The classic overnight hard takeoff: a system becomes capable of self-improving at all but doesn’t seem very alarmingly good at it, somebody leaves it running overnight, exponentials kick in, and there is no morning.
(At least some) AGIs act much like a colonizing civilization. Plenty of humans ally with it, trade with it, try to get it to fight their outgroup, etc, and the AGIs locally respect the agreements with the humans and cooperate with their allies, but the end result is humanity gradually losing all control and eventually dying out.
Perhaps early AGI involves lots of moderately-intelligent subagents. The AI as a whole mostly seems pretty aligned most of the time, but at some point a particular subagent starts self-improving, goes supercritical, and takes over the rest of the system overnight. (Think cancer, but more agentic.)
Perhaps the path to superintelligence looks like scaling up o1-style runtime reasoning to the point where we’re using an LLM to simulate a whole society. But the effects of a whole society (or parts of a society) on the world are relatively decoupled from the things-individual-people-say-taken-at-face-value. For instance, lots of people talk a lot about reducing poverty, yet have basically-no effect on poverty. So developers attempt to rely on chain-of-thought transparency, and shoot themselves in the foot.
Also (separate comment because I expect this one to be more divisive): I think the scheming story has been disproportionately memetically successful largely because it’s relatively easy to imagine hacky ways of preventing an AI from intentionally scheming.

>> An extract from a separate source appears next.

(* Let $X$ be a finite set with $|X|\geq 2$ and put $p=2|X|-1$. Let $(K_i),(t_i),(k_i)$ be sequences of non-negative integers such that $t_i\geq 1$, $K_i=t_i+2k_i$ for all $i$, and $K_i\to\infty$. Suppose the limit \[y=\lim_{i\to\infty}|M(t_i,k_i)|^{1/K_i}\] exists and is finite. (i) If $(k_i)$ is bounded above, then $y\leq p$. (ii) If $k_i\geq1$ for all $i$ and $\bigl((t_i-1)/k_i\bigr)$ is unbounded above, then $y\leq p$. (iii) If $k_i\geq 1$ for all $i$ and $x\in[0,\infty)$ is an accumulation point of the sequence $\bigl((t_i-1)/k_i\bigr)$, then $y=\exp h(x)$, where \[h(x)=\frac{1}{x+2}\Bigl(x\log p+\bigl(p+x(p-1)\bigr)\log\bigl(p+x(p-1)\bigr)-\bigl((p-1)+x(p-1)\bigr)\log\bigl((p-1)+x(p-1)\bigr)\Bigr).\]
   Context: $\mathrm{FIM}(X)$ is the free inverse monoid on $X$, with elements identified (Munn's model) with pairs $(T,g)$. Here $T$ is a finite connected subgraph, containing $1$, of the Cayley graph of the free group $\mathrm{FG}(X)$ with respect to $X$, and $g$ is a vertex of $T$. The trunk is the geodesic in $T$ from $1$ to $g$. Branch edges are the edges of $T$ not on the trunk. $M(t,k)$ is the set of elements of $\mathrm{FIM}(X)$ with exactly $t$ trunk edges and $k$ branch edges. For $t\ge1$, \[|M(t,k)|=(p+1)p^{t-1}\frac{2p+(t-1)(p-1)}{kp+2p+(t-1)(p-1)}\binom{kp+2p+(t-1)(p-1)}{k}.\] *)

theory Defs
  imports Complex_Main
begin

And that’s mostly a bad thing; it’s a form of streetlighting.
My initial reaction is that at least some of these points would be covered by the Guaranteed Safe AI agenda if that works out, right? Though the “AGIs act much like a colonizing civilization” situation does scare me because it’s the kind of thing which locally looks harmless but collectively is highly dangerous. It would require no misalignment on the part of any individual AI.